[SUPPLIED ENTRIES Boundary: Start]

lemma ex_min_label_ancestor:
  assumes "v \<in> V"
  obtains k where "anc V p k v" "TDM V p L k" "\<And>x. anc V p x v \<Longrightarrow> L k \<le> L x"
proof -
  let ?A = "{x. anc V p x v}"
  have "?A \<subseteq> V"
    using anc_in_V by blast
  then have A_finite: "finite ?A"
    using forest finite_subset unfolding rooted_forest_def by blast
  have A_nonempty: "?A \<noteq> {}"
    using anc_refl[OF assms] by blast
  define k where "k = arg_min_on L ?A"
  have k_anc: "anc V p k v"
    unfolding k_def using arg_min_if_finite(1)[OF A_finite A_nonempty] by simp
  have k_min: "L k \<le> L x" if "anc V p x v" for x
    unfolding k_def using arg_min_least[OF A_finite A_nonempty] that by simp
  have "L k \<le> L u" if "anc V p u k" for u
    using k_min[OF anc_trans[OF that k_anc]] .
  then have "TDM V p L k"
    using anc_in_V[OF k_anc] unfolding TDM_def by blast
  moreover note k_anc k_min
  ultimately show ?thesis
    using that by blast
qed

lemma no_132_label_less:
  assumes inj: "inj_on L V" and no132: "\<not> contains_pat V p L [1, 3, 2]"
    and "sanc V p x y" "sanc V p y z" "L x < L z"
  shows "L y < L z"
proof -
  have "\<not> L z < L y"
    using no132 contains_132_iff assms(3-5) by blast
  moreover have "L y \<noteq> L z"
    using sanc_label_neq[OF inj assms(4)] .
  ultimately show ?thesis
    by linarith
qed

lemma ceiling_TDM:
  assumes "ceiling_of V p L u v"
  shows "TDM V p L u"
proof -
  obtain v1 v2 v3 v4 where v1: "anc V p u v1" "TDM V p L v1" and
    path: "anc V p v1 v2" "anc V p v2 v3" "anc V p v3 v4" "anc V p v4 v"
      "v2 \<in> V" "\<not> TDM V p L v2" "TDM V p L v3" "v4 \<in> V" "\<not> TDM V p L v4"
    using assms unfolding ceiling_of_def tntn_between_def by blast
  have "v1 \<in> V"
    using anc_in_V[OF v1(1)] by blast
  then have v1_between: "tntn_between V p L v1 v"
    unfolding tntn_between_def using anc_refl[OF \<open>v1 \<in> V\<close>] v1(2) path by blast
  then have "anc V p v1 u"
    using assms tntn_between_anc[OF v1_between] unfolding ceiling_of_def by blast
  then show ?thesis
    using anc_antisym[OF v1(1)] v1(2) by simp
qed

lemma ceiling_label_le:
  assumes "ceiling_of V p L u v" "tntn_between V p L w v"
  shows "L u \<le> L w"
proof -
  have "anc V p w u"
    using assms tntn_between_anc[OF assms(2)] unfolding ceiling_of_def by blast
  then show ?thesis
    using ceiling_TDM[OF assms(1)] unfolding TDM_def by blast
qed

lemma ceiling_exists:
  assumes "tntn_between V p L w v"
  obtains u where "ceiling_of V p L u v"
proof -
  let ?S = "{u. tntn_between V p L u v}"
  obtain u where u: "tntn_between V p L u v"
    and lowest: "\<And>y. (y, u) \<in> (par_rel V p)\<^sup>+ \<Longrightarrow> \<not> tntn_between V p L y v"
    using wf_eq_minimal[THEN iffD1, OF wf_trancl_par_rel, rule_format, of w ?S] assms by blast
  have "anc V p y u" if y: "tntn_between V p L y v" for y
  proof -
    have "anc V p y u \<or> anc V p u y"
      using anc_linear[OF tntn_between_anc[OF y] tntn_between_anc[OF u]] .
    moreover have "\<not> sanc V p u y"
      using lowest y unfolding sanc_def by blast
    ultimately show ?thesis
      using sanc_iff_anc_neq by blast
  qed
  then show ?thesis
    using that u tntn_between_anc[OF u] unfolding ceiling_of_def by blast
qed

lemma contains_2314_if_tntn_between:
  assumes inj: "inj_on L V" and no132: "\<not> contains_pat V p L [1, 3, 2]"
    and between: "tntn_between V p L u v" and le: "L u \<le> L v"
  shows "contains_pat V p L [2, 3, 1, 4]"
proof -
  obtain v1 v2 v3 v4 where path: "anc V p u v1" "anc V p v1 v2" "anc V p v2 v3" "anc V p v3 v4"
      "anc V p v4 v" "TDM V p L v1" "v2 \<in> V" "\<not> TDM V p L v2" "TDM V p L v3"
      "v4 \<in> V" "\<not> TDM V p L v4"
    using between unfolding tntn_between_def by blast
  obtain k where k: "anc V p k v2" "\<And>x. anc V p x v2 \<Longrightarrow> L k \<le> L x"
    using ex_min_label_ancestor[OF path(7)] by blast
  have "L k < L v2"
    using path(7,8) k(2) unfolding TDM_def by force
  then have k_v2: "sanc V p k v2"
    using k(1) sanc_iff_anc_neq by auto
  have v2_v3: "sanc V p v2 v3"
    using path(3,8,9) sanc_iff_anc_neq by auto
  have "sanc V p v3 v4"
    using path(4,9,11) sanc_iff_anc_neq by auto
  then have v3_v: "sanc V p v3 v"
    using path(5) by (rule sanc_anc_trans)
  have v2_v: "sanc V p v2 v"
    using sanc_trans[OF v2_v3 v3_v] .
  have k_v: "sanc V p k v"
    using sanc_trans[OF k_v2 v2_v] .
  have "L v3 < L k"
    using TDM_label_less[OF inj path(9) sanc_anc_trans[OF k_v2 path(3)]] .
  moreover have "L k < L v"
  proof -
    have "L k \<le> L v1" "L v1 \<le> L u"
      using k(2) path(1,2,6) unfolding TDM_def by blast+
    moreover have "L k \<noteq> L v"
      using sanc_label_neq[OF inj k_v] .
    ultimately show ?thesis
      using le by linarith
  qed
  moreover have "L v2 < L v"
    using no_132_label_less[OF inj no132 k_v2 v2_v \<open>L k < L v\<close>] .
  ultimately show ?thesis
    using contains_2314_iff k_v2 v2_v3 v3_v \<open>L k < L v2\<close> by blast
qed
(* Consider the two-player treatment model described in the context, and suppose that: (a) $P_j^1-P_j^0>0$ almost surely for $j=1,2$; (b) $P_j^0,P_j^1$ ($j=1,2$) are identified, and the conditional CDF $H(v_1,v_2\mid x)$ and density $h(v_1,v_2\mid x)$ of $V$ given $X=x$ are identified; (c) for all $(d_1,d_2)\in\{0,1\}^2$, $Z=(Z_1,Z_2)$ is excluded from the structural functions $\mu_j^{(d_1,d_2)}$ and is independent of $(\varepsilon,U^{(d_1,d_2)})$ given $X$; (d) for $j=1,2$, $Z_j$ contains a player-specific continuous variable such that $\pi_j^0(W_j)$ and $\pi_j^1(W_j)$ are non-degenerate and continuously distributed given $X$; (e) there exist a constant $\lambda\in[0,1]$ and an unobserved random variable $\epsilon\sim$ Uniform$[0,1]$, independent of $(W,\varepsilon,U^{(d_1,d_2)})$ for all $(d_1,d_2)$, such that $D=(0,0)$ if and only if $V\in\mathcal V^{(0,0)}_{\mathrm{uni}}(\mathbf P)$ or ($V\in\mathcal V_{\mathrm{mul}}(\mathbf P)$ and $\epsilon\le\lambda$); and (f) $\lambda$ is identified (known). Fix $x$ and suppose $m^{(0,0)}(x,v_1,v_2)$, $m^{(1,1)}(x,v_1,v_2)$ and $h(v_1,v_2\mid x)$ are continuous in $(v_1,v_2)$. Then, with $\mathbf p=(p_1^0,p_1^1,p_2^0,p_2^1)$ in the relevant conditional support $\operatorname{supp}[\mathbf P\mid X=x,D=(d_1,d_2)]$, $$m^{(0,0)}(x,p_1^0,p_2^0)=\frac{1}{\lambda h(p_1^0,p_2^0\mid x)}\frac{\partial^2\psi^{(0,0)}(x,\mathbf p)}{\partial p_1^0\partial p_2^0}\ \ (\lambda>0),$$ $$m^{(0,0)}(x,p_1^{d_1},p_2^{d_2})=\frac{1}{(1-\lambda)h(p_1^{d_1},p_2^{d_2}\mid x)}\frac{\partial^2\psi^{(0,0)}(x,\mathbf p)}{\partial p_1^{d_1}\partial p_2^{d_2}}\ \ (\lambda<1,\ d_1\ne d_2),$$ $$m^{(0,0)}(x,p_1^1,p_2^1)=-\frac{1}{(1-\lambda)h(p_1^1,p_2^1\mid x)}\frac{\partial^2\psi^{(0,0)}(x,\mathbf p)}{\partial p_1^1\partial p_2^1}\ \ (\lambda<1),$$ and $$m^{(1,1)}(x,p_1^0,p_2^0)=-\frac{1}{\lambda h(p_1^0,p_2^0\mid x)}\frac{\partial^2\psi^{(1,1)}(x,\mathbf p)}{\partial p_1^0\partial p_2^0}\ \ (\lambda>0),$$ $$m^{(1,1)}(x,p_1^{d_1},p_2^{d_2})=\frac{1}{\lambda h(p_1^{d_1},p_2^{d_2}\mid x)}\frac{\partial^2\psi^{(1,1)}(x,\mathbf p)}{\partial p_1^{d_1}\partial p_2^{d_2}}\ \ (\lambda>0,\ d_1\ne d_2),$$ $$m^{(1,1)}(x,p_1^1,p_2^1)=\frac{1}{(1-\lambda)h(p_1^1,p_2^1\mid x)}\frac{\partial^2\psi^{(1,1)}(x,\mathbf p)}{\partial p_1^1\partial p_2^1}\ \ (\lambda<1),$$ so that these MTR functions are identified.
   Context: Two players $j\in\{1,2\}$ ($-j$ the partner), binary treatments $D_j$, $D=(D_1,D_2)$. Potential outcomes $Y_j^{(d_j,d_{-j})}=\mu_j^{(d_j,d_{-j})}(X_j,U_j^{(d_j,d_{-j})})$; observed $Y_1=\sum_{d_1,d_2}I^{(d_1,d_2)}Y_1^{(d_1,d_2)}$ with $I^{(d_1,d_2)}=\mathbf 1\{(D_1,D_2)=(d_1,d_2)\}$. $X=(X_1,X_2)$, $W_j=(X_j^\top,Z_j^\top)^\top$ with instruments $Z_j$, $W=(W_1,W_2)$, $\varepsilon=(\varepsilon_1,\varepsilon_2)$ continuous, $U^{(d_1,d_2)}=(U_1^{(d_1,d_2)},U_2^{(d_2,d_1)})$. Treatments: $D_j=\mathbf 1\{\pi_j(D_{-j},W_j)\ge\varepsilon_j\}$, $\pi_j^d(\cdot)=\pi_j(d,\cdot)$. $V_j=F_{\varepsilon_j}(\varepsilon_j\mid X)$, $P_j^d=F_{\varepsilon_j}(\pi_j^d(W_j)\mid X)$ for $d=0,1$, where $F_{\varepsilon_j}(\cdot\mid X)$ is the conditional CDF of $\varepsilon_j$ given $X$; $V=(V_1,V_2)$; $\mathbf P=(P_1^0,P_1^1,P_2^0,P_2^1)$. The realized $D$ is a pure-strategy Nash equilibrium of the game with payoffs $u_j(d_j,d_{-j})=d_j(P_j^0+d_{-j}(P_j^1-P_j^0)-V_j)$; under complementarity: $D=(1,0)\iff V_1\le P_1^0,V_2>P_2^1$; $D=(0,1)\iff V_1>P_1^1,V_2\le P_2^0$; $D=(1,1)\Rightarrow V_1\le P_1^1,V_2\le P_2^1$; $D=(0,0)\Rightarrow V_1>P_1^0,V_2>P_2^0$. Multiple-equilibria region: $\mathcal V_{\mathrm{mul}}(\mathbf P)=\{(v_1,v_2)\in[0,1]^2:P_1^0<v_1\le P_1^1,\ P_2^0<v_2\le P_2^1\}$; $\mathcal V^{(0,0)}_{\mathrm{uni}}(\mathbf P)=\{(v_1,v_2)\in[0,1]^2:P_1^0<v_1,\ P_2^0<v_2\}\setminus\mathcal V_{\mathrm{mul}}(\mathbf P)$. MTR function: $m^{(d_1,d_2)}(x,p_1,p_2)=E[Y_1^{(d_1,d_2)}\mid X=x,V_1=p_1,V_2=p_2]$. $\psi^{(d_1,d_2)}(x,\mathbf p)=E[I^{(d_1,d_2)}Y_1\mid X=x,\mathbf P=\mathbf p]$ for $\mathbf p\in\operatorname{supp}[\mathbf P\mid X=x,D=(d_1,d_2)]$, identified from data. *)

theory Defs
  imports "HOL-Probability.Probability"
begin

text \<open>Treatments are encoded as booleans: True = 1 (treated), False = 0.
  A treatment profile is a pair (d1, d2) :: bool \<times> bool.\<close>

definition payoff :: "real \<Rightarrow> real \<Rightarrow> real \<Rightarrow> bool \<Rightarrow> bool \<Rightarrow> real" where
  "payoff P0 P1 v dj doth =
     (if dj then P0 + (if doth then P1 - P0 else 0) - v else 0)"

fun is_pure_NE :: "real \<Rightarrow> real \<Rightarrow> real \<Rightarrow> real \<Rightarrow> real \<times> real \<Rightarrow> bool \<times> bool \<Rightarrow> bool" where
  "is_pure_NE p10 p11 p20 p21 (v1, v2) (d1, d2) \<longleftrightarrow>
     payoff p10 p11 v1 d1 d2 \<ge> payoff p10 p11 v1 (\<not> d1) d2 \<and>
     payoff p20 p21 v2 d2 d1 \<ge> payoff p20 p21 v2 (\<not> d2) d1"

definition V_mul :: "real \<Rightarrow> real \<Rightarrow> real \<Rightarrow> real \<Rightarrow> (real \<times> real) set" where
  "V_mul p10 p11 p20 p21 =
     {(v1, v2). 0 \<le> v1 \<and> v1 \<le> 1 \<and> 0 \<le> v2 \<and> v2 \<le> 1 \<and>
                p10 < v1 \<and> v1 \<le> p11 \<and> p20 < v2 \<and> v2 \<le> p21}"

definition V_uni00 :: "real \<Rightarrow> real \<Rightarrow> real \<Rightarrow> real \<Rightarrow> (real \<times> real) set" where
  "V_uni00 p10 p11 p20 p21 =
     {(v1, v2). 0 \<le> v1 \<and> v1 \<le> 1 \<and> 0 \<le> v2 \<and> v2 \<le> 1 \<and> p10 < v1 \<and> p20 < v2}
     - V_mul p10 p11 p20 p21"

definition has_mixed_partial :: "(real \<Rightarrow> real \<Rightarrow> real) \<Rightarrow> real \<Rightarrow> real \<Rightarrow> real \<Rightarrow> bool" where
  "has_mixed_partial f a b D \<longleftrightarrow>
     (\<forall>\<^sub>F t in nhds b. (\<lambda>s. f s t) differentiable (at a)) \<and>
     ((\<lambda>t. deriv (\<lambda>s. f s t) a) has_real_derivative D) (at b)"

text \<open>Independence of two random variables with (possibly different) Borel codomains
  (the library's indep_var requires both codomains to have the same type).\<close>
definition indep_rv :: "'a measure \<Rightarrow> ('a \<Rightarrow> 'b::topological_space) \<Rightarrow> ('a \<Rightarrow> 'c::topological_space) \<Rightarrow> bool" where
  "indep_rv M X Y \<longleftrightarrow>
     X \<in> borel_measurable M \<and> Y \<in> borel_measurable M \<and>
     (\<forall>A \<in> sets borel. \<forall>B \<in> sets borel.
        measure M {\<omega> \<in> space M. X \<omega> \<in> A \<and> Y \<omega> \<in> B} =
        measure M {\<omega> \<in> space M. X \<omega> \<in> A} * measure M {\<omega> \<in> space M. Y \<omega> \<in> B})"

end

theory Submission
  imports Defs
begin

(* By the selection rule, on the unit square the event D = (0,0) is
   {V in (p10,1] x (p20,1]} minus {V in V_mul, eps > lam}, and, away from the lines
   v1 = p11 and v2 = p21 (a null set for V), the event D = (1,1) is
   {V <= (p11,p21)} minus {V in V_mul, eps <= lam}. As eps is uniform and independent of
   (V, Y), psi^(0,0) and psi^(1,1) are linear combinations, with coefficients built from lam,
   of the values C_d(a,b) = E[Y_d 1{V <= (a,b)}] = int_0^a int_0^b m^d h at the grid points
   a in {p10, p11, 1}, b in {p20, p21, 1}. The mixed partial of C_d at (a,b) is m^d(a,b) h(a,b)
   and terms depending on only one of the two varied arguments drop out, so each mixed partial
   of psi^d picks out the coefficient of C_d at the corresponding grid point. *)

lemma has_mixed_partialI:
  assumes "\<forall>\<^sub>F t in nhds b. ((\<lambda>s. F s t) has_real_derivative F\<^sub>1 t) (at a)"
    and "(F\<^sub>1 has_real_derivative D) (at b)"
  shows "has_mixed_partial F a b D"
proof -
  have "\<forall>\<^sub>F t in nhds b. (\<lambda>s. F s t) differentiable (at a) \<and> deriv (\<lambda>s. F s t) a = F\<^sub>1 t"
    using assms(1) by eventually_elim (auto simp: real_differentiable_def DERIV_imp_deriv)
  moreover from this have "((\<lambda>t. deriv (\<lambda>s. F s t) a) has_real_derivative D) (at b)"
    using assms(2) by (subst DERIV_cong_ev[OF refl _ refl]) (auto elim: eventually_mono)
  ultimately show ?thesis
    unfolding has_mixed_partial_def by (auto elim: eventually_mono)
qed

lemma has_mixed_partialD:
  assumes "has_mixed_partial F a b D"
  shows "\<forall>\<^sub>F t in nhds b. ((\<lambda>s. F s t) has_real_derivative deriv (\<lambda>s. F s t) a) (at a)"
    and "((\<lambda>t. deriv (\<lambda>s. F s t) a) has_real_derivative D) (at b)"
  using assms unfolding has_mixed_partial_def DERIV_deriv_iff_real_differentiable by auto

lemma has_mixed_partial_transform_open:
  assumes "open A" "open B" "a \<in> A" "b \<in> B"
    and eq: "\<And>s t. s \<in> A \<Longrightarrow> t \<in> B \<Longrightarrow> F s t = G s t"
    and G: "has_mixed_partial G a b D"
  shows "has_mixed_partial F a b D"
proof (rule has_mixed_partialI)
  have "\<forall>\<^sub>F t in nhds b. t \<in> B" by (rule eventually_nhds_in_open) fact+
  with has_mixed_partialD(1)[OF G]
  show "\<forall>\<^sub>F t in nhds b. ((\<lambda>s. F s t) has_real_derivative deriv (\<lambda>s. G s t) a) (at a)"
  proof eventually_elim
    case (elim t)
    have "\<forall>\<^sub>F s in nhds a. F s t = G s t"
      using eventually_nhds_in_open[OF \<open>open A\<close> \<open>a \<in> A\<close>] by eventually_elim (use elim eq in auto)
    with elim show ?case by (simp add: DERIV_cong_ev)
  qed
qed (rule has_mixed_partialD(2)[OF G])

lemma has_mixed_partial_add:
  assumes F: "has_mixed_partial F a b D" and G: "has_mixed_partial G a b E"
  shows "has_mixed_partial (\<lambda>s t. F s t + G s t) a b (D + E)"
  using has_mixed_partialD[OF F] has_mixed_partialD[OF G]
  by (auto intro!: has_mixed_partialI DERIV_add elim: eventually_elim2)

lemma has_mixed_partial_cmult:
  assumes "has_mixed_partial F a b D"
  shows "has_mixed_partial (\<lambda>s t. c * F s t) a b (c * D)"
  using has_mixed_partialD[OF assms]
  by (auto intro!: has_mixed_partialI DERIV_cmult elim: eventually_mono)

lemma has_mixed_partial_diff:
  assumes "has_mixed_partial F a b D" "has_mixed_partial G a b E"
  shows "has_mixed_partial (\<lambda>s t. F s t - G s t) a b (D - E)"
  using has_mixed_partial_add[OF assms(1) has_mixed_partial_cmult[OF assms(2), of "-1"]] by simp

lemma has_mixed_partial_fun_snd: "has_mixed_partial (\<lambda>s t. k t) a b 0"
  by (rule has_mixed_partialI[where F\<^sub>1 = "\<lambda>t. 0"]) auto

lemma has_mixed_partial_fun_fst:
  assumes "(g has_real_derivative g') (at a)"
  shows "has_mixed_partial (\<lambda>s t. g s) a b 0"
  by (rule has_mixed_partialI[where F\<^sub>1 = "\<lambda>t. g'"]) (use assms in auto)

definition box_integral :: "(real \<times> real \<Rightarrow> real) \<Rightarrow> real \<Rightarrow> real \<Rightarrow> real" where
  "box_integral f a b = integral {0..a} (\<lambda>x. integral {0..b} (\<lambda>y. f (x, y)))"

[SUPPLIED ENTRIES Boundary: End]

> [INSTRUCTIONS TO FOLLOW]: Work out how many lines in the records contain the word "codomains", and give that number by itself.

> [ANSWER SECTION]: 2